Categorical data¶

After learning the basics of data and examining numerical data a bit more closely, today we'll jump into a closer look at categorical data. This is mostly section 2.2 of our textbook.

Re-examining our class data¶

Let's start by taking another look at the categorical data in from our class survey. Here's another look at the last few rows of that data:

	Response ID	How old are you?	How tall are you? [Feet]	How tall are you? [Inches]	Are you left or right handed?	What is your gender (optional):	Choose your eye color	What is your major?	Where is your hometown?
0	2	31	6	2	Right	Male	Hazel	Undeclared	36.60024;-121.89468
1	3	18	5	11	Right	Male	Hazel	Health and Wellness	36.02411;-78.4774
2	4	18	5	8	Right	NaN	Hazel	economics	35.7721;-78.63861

The (abbreviated) categorical variables are handedness, gender, eyecolor, and major.

Bad Pie¶

You might recall that I don't really care for pie charts. It's hard to tell for sure what's larger between green and hazel here. Nonetheless, it's worth understanding how to read them so we might see them in homework.

Good pie¶

One situation when a pie chart is a reasonable idea is when you're comparing two values for one categorical variable:

A reasonable pie chart with actual pie

Gender¶

Thus, I suppose that gender might be one example where a pie chart might make sense.

Good power bar¶

Bar plots make it much easier to distiguish relative sizes. We can see much easier that the green class is larger than the hazel. We can also indicate absolute quantities with a single axis.

Proportions¶

Recall that the mean is the fundamental measure of location for numerical data. The corresponding notion for categorical data is the proportion.

The proportion is simply the ratio of the occurrence of some value of a categorical variable to the total number of occurrences.
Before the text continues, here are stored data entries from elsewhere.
(* Let V\<^sup>\<star> = vmax Q\<^sup>\<star> and \<epsilon> = max\<^sub>i \<parallel>Q\<^sub>i - Q\<^sup>\<star>\<parallel>\<^sub>\<infinity>.  Each V\<^sub>i is \<epsilon>-close to V\<^sup>\<star>, so
   Var\<^sub>P(V\<^sub>i) \<le> Var\<^sub>P(V\<^sup>\<star>) + 4\<epsilon>/(1 - \<gamma>), and every policy in \<Pi> is 2\<epsilon>-greedy for Q\<^sup>\<star>.
   The Bellman equation Q\<^sup>\<star> = r + \<gamma> P V\<^sup>\<star> gives \<gamma>\<^sup>2 (P V\<^sup>\<star>)\<^sup>2 = (Q\<^sup>\<star> - r)\<^sup>2 \<ge> (Q\<^sup>\<star>)\<^sup>2 - 2/(1 - \<gamma>),
   hence for \<pi> \<in> \<Pi>
     \<gamma>\<^sup>2 Var\<^sub>P(V\<^sup>\<star>) \<le> \<gamma>\<^sup>2 P\<^sup>\<pi> (Q\<^sup>\<star>)\<^sup>2 - (Q\<^sup>\<star>)\<^sup>2 + 2 (1 + 2\<gamma>\<^sup>2\<epsilon>)/(1 - \<gamma>).
   Weighted by \<gamma>\<^sup>h P^(\<pi>\<^sub>1) \<dots> P^(\<pi>\<^sub>h) and summed over h < H, the second moments of Q\<^sup>\<star> telescope,
   leaving at most 1/(1 - \<gamma>)\<^sup>2 plus a geometric sum of the constants. *)

section \<open>Row-stochastic kernels\<close>

definition row_stochastic :: "('x \<Rightarrow> 'y::finite \<Rightarrow> real) \<Rightarrow> bool" where
  "row_stochastic M \<longleftrightarrow> (\<forall>x y. 0 \<le> M x y) \<and> (\<forall>x. (\<Sum>y\<in>UNIV. M x y) = 1)"

definition kernel_mean :: "('x \<Rightarrow> 'y::finite \<Rightarrow> real) \<Rightarrow> ('y \<Rightarrow> real) \<Rightarrow> 'x \<Rightarrow> real" where
  "kernel_mean M v x = (\<Sum>y\<in>UNIV. M x y * v y)"

lemma stochastic_iff_row_stochastic: "stochastic P \<longleftrightarrow> row_stochastic P"
  unfolding stochastic_def row_stochastic_def ..

lemma Papply_eq_kernel_mean: "Papply P = kernel_mean P"
  by (intro ext) (simp add: Papply_def kernel_mean_def)

lemma mat_vec_eq_kernel_mean: "mat_vec M = kernel_mean M"
  by (intro ext) (simp add: mat_vec_def kernel_mean_def)

lemma kernel_mean_add: "kernel_mean M (\<lambda>y. u y + v y) x = kernel_mean M u x + kernel_mean M v x"
  unfolding kernel_mean_def by (simp add: distrib_left sum.distrib)

lemma kernel_mean_diff: "kernel_mean M (\<lambda>y. u y - v y) x = kernel_mean M u x - kernel_mean M v x"
  unfolding kernel_mean_def by (simp add: right_diff_distrib sum_subtractf)

lemma kernel_mean_cmult: "kernel_mean M (\<lambda>y. c * v y) x = c * kernel_mean M v x"
  unfolding kernel_mean_def by (simp add: sum_distrib_left mult.left_commute)

lemma kernel_mean_const: "row_stochastic M \<Longrightarrow> kernel_mean M (\<lambda>_. c) x = c"
  unfolding kernel_mean_def row_stochastic_def by (simp flip: sum_distrib_right)

lemma kernel_mean_mono:
  assumes "row_stochastic M" and "\<And>y. u y \<le> v y"
  shows "kernel_mean M u x \<le> kernel_mean M v x"
  unfolding kernel_mean_def
  using assms by (intro sum_mono) (simp add: mult_left_mono row_stochastic_def)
For example, we have 39 folks in the class who completed our survey, 6 of whom have green eyes. The proportion of green eyed folks is, thus, $$\frac{6}{39} \approx 0.1538$$ or a little over $15\%$.

Tables¶

Of course, a bar chart could be displayed as a simple table.

	Choose your eye color
Brown	18
Blue	9
Green	6
Hazel	5
Other	1

Contingency tables¶

We can display two categorical variables in a so-called contingency table:

What is your gender (optional):	Female	Male
Choose your eye color
Blue	3	6
Brown	6	12
Green	3	3
Hazel	1	3

Side by side and stacked bar charts¶

Bar charts can be used to compare two categorical variables by stacking bars or displaying them side by side.

Mosaic plots¶

Another graphical tool to compare two categorical variables is a mosaic plot.

Normalized contingency tables¶

The relationship between a mosaic plot and a contingency table is, perhaps, more clear when the entries in the table are normalized to indicate proportions.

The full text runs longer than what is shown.